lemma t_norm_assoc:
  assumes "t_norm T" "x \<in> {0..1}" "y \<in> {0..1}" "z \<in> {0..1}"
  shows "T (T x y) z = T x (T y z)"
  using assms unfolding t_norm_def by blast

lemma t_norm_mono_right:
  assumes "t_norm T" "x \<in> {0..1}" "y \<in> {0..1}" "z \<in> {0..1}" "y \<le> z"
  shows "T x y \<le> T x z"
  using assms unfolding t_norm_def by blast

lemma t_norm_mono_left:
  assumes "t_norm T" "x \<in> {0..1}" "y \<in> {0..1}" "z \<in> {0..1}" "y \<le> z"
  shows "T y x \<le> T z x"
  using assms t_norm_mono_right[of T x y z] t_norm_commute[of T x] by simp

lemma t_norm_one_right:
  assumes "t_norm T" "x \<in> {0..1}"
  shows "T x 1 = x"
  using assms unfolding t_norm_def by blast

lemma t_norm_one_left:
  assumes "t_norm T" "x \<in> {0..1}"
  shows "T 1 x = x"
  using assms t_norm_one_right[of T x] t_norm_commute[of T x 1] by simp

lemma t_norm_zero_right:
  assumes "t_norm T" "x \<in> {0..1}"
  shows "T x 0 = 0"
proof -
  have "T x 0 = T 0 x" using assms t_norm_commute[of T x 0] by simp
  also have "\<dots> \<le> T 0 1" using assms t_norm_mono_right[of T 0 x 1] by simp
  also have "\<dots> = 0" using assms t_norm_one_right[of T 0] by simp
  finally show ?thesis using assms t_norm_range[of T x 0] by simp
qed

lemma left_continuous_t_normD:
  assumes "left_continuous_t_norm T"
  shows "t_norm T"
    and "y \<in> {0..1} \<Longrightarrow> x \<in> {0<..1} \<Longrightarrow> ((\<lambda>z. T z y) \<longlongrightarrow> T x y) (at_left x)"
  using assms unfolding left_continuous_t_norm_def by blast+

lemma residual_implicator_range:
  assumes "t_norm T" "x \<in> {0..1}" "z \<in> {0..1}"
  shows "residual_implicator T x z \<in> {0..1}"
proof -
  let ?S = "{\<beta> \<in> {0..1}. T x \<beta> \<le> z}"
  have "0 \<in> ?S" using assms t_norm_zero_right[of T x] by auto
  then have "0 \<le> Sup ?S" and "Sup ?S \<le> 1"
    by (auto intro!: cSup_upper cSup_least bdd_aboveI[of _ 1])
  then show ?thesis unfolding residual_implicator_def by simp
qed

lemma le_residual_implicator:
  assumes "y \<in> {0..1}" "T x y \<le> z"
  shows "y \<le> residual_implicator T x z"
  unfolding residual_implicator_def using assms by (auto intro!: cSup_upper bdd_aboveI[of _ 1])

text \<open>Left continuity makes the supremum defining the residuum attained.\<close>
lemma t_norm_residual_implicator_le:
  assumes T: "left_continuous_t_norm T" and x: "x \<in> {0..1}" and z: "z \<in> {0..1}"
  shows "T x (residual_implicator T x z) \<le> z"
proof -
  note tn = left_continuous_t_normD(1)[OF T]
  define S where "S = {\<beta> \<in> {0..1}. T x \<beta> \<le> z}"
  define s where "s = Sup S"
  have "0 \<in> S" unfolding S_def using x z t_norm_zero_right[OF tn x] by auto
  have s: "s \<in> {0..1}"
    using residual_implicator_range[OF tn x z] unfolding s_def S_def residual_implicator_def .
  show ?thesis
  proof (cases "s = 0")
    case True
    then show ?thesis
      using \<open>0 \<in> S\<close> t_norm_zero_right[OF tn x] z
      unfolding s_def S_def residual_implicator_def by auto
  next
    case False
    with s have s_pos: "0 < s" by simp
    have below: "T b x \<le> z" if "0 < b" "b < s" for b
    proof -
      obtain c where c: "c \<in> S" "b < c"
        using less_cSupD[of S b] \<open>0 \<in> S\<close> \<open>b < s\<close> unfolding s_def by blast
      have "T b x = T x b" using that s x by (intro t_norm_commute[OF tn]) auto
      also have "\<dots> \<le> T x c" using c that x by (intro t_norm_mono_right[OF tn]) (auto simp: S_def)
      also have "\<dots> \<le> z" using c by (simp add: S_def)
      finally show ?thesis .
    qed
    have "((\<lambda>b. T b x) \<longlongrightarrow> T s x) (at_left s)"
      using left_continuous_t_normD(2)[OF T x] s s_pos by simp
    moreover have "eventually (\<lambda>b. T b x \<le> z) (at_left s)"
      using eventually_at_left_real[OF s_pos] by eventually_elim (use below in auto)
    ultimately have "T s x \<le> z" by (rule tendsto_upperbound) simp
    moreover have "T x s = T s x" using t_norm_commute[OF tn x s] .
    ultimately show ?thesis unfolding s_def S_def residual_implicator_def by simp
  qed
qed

...

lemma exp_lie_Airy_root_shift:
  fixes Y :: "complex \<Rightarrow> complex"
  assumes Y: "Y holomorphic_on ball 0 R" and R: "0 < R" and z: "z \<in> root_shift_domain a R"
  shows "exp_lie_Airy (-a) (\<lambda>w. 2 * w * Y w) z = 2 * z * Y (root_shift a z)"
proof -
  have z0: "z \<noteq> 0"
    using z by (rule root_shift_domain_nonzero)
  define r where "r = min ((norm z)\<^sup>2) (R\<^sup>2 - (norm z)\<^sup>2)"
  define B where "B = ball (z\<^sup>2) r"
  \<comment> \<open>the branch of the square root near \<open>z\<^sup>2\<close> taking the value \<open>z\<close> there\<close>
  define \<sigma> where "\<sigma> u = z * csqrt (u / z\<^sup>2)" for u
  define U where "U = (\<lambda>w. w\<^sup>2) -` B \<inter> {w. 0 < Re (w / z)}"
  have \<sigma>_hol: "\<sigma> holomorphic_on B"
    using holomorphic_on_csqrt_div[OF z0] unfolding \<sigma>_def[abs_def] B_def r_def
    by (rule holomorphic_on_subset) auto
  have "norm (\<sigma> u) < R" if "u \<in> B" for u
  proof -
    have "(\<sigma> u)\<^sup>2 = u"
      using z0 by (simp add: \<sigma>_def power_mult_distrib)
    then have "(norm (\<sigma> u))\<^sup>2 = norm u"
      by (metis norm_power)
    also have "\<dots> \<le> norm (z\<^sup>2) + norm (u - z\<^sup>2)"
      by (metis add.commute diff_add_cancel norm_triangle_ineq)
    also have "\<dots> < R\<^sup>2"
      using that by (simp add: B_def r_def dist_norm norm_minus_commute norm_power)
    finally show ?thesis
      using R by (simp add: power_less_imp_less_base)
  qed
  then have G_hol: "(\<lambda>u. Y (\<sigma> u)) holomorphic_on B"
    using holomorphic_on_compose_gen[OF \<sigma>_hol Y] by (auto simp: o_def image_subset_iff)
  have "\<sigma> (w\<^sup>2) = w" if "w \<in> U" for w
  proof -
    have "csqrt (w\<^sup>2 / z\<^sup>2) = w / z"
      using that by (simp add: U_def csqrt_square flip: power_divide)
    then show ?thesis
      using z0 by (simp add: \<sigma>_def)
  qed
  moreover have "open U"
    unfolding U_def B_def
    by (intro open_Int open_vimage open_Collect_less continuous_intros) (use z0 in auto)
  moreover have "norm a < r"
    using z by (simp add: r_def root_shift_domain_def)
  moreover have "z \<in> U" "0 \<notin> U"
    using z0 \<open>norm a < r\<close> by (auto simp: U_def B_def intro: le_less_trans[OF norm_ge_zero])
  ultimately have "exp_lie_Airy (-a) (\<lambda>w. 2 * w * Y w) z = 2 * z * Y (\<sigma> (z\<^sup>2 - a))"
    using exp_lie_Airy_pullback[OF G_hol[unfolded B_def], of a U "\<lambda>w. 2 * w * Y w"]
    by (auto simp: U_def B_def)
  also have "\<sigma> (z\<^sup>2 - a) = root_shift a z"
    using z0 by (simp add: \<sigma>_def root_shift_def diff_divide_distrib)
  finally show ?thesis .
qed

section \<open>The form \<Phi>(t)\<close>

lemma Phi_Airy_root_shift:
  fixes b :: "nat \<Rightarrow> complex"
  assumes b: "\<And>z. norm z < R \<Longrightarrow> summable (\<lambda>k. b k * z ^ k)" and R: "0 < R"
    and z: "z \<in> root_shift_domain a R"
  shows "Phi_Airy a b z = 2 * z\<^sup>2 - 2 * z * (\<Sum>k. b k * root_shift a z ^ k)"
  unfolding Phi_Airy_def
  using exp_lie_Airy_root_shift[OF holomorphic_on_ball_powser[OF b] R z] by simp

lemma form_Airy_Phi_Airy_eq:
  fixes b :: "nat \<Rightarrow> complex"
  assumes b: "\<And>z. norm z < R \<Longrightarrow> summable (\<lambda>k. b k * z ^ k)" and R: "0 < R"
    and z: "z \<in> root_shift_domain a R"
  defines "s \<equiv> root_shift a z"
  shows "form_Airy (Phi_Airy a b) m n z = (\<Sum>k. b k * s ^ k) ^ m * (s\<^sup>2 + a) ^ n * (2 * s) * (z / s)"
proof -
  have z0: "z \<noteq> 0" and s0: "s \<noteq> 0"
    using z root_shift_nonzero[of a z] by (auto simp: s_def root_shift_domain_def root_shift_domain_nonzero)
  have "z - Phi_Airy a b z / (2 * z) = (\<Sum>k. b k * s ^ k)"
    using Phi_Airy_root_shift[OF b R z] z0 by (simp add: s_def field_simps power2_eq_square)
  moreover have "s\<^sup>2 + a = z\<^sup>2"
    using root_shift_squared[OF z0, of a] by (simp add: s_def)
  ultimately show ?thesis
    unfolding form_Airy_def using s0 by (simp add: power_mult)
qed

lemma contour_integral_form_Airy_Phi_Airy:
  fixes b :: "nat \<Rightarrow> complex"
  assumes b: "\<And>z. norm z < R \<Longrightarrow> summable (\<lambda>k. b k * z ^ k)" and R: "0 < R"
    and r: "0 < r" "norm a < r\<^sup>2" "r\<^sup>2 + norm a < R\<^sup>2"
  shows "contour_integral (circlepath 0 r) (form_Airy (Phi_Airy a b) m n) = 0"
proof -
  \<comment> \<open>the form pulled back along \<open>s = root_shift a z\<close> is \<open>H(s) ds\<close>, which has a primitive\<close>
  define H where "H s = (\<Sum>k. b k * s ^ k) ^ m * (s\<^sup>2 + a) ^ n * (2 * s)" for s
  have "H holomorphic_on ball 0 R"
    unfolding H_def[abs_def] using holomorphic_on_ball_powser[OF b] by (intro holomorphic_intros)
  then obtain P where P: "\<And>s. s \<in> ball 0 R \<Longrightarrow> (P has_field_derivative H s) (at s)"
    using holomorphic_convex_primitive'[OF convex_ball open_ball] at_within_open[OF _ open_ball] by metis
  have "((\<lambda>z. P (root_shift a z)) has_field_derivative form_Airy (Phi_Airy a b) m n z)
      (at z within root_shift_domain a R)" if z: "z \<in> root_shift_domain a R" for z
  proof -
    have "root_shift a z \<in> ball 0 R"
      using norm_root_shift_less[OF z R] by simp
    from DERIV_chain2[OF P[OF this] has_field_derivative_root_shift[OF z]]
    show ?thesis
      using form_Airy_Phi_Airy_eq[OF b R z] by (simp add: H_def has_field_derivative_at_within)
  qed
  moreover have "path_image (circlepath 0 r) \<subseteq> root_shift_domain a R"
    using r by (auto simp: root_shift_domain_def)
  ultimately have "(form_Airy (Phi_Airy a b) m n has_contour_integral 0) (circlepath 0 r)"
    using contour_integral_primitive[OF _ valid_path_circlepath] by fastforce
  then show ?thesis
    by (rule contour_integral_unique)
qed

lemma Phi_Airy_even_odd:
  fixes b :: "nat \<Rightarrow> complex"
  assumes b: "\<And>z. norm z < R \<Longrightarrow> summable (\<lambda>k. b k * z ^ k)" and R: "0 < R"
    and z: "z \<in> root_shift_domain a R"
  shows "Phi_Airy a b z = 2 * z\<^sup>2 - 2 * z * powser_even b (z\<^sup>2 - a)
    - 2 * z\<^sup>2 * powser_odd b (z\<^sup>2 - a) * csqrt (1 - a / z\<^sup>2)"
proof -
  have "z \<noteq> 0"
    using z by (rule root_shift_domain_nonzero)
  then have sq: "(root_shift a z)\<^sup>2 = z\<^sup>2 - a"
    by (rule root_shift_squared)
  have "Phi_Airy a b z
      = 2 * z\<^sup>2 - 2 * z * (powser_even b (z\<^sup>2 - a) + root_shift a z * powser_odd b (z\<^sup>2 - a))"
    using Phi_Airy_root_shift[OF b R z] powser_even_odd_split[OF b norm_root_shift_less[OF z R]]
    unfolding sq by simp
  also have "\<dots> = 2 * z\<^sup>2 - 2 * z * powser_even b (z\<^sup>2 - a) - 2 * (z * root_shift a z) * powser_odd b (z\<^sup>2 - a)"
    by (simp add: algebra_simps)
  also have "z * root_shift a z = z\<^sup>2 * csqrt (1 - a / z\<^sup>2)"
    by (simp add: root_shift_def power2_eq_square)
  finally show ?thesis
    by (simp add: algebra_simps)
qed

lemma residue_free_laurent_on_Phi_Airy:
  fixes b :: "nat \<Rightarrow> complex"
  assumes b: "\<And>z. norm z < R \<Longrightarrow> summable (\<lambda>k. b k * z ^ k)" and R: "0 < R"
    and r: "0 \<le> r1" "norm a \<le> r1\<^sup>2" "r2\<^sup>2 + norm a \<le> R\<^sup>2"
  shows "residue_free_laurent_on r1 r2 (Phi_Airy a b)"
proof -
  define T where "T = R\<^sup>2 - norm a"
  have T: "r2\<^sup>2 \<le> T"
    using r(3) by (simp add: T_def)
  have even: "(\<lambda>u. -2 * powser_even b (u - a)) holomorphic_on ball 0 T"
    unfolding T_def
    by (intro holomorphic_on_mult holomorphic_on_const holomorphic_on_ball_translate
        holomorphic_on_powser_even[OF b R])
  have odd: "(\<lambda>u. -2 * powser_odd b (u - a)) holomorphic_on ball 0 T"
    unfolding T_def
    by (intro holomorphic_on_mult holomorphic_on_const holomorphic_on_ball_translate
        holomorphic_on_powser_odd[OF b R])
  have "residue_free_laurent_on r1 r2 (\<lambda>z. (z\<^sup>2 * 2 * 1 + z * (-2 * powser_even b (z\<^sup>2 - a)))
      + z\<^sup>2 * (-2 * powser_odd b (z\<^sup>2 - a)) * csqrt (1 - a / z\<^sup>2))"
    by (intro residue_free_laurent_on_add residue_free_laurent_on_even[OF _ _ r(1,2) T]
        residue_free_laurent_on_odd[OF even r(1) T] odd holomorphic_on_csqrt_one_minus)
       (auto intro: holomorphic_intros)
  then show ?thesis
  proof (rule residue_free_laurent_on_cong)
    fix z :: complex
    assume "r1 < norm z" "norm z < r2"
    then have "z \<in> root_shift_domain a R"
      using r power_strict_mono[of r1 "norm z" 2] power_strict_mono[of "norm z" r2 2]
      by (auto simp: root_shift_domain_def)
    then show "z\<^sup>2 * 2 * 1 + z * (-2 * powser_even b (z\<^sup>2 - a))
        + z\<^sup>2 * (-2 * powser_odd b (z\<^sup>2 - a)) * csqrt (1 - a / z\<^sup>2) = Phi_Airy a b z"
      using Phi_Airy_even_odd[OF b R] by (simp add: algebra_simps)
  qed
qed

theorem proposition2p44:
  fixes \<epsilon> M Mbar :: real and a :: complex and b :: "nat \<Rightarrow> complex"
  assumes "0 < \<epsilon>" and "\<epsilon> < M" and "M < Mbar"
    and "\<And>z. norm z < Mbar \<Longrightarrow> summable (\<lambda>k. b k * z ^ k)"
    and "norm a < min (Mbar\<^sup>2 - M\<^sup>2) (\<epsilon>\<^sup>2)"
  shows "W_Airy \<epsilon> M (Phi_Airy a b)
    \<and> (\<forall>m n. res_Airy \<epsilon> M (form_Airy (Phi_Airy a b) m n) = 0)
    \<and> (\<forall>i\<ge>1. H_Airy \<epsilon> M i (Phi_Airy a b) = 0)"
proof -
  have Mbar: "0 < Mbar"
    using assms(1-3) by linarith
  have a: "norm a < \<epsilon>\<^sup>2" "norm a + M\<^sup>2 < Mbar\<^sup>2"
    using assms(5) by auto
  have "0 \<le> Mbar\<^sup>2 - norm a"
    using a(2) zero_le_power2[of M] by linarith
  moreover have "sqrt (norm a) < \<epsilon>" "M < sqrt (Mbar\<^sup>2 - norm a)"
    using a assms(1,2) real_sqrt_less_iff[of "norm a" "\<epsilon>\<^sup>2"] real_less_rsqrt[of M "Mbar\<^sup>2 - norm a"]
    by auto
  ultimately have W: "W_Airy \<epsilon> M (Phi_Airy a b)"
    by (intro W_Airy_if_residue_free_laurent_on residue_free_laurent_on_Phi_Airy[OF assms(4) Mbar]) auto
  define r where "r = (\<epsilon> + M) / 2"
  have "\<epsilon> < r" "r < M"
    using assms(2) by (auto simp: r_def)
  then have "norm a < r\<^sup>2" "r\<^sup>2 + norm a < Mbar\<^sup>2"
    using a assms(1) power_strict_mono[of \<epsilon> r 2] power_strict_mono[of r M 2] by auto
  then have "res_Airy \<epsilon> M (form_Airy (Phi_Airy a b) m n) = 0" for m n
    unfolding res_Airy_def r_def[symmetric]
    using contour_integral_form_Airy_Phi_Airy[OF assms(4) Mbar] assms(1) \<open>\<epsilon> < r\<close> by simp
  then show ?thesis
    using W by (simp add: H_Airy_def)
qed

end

*PROMPT*
Please copy, exactly as written, every line in the listing above from the line with "(auto intro: holomorphic_intros)" up to and including the line with "using assms(5) by auto".

*YOUR SOLUTION*
       (auto intro: holomorphic_intros)
  then show ?thesis
  proof (rule residue_free_laurent_on_cong)
    fix z :: complex
    assume "r1 < norm z" "norm z < r2"
    then have "z \<in> root_shift_domain a R"
      using r power_strict_mono[of r1 "norm z" 2] power_strict_mono[of "norm z" r2 2]
      by (auto simp: root_shift_domain_def)
    then show "z\<^sup>2 * 2 * 1 + z * (-2 * powser_even b (z\<^sup>2 - a))
        + z\<^sup>2 * (-2 * powser_odd b (z\<^sup>2 - a)) * csqrt (1 - a / z\<^sup>2) = Phi_Airy a b z"
      using Phi_Airy_even_odd[OF b R] by (simp add: algebra_simps)
  qed
qed

theorem proposition2p44:
  fixes \<epsilon> M Mbar :: real and a :: complex and b :: "nat \<Rightarrow> complex"
  assumes "0 < \<epsilon>" and "\<epsilon> < M" and "M < Mbar"
    and "\<And>z. norm z < Mbar \<Longrightarrow> summable (\<lambda>k. b k * z ^ k)"
    and "norm a < min (Mbar\<^sup>2 - M\<^sup>2) (\<epsilon>\<^sup>2)"
  shows "W_Airy \<epsilon> M (Phi_Airy a b)
    \<and> (\<forall>m n. res_Airy \<epsilon> M (form_Airy (Phi_Airy a b) m n) = 0)
    \<and> (\<forall>i\<ge>1. H_Airy \<epsilon> M i (Phi_Airy a b) = 0)"
proof -
  have Mbar: "0 < Mbar"
    using assms(1-3) by linarith
  have a: "norm a < \<epsilon>\<^sup>2" "norm a + M\<^sup>2 < Mbar\<^sup>2"
    using assms(5) by auto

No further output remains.